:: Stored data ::

lemma qform_congruence: "qform (ctrans P ** D ** P) v = qform D (P *v v)"
proof -
  have "qform (ctrans P ** D ** P) v = (\<Sum>i\<in>UNIV. cnj (v $ i) * (ctrans P *v (D *v (P *v v))) $ i)"
    by (simp add: qform_mult_vec matrix_vector_mul_assoc matrix_mul_assoc)
  also have "\<dots> = (\<Sum>i\<in>UNIV. \<Sum>j\<in>UNIV. cnj (v $ i) * (cnj (P $ j $ i) * (D *v (P *v v)) $ j))"
    by (simp add: matrix_vector_mult_def ctrans_def sum_distrib_left)
  also have "\<dots> = (\<Sum>j\<in>UNIV. \<Sum>i\<in>UNIV. cnj (v $ i) * (cnj (P $ j $ i) * (D *v (P *v v)) $ j))"
    by (rule sum.swap)
  also have "\<dots> = (\<Sum>j\<in>UNIV. cnj ((P *v v) $ j) * (D *v (P *v v)) $ j)"
    by (simp add: matrix_vector_mult_def sum_distrib_right mult_ac)
  finally show ?thesis by (simp add: qform_mult_vec)
qed

lemma qform_diagm: "qform (diagm l) v = of_real (\<Sum>i\<in>UNIV. l $ i * (cmod (v $ i))\<^sup>2)"
proof -
  have "qform (diagm l) v = (\<Sum>i\<in>UNIV. cnj (v $ i) * of_real (l $ i) * v $ i)"
    unfolding qform_def diagm_def by (simp add: if_distrib if_distribR sum.delta cong: if_cong)
  also have "\<dots> = (\<Sum>i\<in>UNIV. of_real (l $ i * (cmod (v $ i))\<^sup>2))"
    by (intro sum.cong refl) (simp add: complex_norm_square mult_ac del: of_real_power)
  finally show ?thesis by simp
qed

lemma norm_sq_vec: "(norm (v :: (complex, 'n::finite) vec))\<^sup>2 = (\<Sum>i\<in>UNIV. (cmod (v $ i))\<^sup>2)"
  unfolding norm_vec_def L2_set_def by (simp add: sum_nonneg)

lemma qform_mat1: "qform (mat 1) w = of_real ((norm w)\<^sup>2)"
proof -
  have "qform (mat 1) w = (\<Sum>i\<in>UNIV. cnj (w $ i) * w $ i)"
    unfolding qform_def mat_def by (simp add: if_distrib if_distribR cong: if_cong)
  also have "\<dots> = of_real (\<Sum>i\<in>UNIV. (cmod (w $ i))\<^sup>2)"
    by (simp add: complex_norm_square mult.commute del: of_real_power)
  finally show ?thesis by (simp add: norm_sq_vec)
qed

lemma unitary_norm: "unitary P \<Longrightarrow> norm (P *v w) = norm w"
proof -
  assume u: "unitary P"
  have "of_real ((norm (P *v w))\<^sup>2) = qform (mat 1) (P *v w)" by (rule qform_mat1[symmetric])
  also have "\<dots> = qform (ctrans P ** mat 1 ** P) w" by (rule qform_congruence[symmetric])
  also have "\<dots> = of_real ((norm w)\<^sup>2)" using u by (simp add: unitary_def qform_mat1)
  finally have "(norm (P *v w))\<^sup>2 = (norm w)\<^sup>2" using of_real_eq_iff by blast
  then show ?thesis by (simp add: power2_eq_iff_nonneg)
qed

definition sesq :: "('n::finite) cmat \<Rightarrow> (complex, 'n) vec \<Rightarrow> (complex, 'n) vec \<Rightarrow> complex" where
  "sesq A x y = (\<Sum>i\<in>UNIV. \<Sum>j\<in>UNIV. cnj (x $ i) * A $ i $ j * y $ j)"
lemma le_cnt_ge_iff:
  assumes "finite X" and "1 \<le> j"
  shows "j \<le> cnt_ge X t \<longleftrightarrow> j \<le> card X \<and> t \<le> nth_dec X j"
proof
  assume j: "j \<le> cnt_ge X t"
  then have "j \<le> card X"
    using cnt_ge_le_card[OF assms(1)] order_trans by blast
  moreover have "t \<le> nth_dec X j"
  proof (rule ccontr)
    assume "\<not> t \<le> nth_dec X j"
    then have "cnt_ge X t \<le> cnt_ge X (Suc (nth_dec X j))"
      using cnt_ge_antimono[OF assms(1)] by simp
    also have "\<dots> < j"
      using cnt_ge_Suc[OF assms(1), of "nth_dec X j"] nth_dec_in_cnt_ge[OF assms \<open>j \<le> card X\<close>] by simp
    finally show False using j by simp
  qed
  ultimately show "j \<le> card X \<and> t \<le> nth_dec X j" ..
next
  assume "j \<le> card X \<and> t \<le> nth_dec X j"
  then show "j \<le> cnt_ge X t"
    using nth_dec_in_cnt_ge[OF assms] cnt_ge_antimono[OF assms(1)] by metis
qed

lemma nth_dec_cnt_ge:
  assumes "finite X" and "x \<in> X"
  shows "1 \<le> cnt_ge X x" "cnt_ge X x \<le> card X" "nth_dec X (cnt_ge X x) = x"
proof -
  have Suc: "cnt_ge X x = Suc (cnt_ge X (Suc x))"
    using cnt_ge_Suc[OF assms(1), of x] assms(2) by simp
  then show "1 \<le> cnt_ge X x" by simp
  show "cnt_ge X x \<le> card X" using cnt_ge_le_card[OF assms(1)] .
  then show "nth_dec X (cnt_ge X x) = x"
    using le_cnt_ge_iff[OF assms(1) \<open>1 \<le> cnt_ge X x\<close>, of x]
      le_cnt_ge_iff[OF assms(1) \<open>1 \<le> cnt_ge X x\<close>, of "Suc x"] Suc by simp
qed

lemma nth_dec_shift_le_iff_cnt_ge:
  assumes "finite X" "finite Y"
  shows "(\<forall>i. 1 \<le> i \<longrightarrow> i + k \<le> card Y \<longrightarrow> i \<le> card X \<and> nth_dec Y (i + k) + d \<le> nth_dec X i)
     \<longleftrightarrow> (\<forall>t. cnt_ge Y t \<le> cnt_ge X (t + d) + k)"
proof (intro iffI allI impI)
  fix t assume H: "\<forall>i. 1 \<le> i \<longrightarrow> i + k \<le> card Y \<longrightarrow> i \<le> card X \<and> nth_dec Y (i + k) + d \<le> nth_dec X i"
  show "cnt_ge Y t \<le> cnt_ge X (t + d) + k"
  proof (rule ccontr)
    assume "\<not> ?thesis"
    then have "cnt_ge X (t + d) + 1 + k \<le> cnt_ge Y t" by simp
    then have "cnt_ge X (t + d) + 1 + k \<le> card Y" "t \<le> nth_dec Y (cnt_ge X (t + d) + 1 + k)"
      using le_cnt_ge_iff[OF assms(2)] by auto
    then have "cnt_ge X (t + d) + 1 \<le> cnt_ge X (t + d)"
      using H le_cnt_ge_iff[OF assms(1), of "cnt_ge X (t + d) + 1" "t + d"] by fastforce
    then show False by simp
  qed
next
  fix i assume H: "\<forall>t. cnt_ge Y t \<le> cnt_ge X (t + d) + k" and "1 \<le> i" "i + k \<le> card Y"
  then have "i + k \<le> cnt_ge Y (nth_dec Y (i + k))"
    using le_cnt_ge_iff[OF assms(2)] by simp
  then have "i \<le> cnt_ge X (nth_dec Y (i + k) + d)"
    using H by (meson add_le_cancel_right order_trans)
  then show "i \<le> card X \<and> nth_dec Y (i + k) + d \<le> nth_dec X i"
    using le_cnt_ge_iff[OF assms(1) \<open>1 \<le> i\<close>] by simp
qed

lemma ent_shift_le_iff_cnt_ge:
  assumes "finite X" "finite Y" "card Y \<le> n + k" "n \<le> card X"
  shows "(\<forall>i. 1 \<le> i \<and> i \<le> n \<longrightarrow> ent Y (i + k) \<le> ent X i) \<longleftrightarrow> (\<forall>t. cnt_ge Y t \<le> cnt_ge X t + k)"
proof -
  have "(\<forall>i. 1 \<le> i \<and> i \<le> n \<longrightarrow> ent Y (i + k) \<le> ent X i) \<longleftrightarrow>
        (\<forall>i. 1 \<le> i \<longrightarrow> i + k \<le> card Y \<longrightarrow> i \<le> card X \<and> nth_dec Y (i + k) + 0 \<le> nth_dec X i)"
    using assms(3,4) by (auto simp: ent_def)
  then show ?thesis
    using nth_dec_shift_le_iff_cnt_ge[OF assms(1,2), of k 0] by simp
qed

:: REQUIRED ACTION ::
Collect each line of the entries that has the word "close", copying it in full.

:: RESPONSE ::
      using cnt_ge_Suc[OF assms(1), of "nth_dec X j"] nth_dec_in_cnt_ge[OF assms \<open>j \<le> card X\<close>] by simp
    using le_cnt_ge_iff[OF assms(1) \<open>1 \<le> cnt_ge X x\<close>, of x]
      le_cnt_ge_iff[OF assms(1) \<open>1 \<le> cnt_ge X x\<close>, of "Suc x"] Suc by simp
    using le_cnt_ge_iff[OF assms(1) \<open>1 \<le> i\<close>] by simp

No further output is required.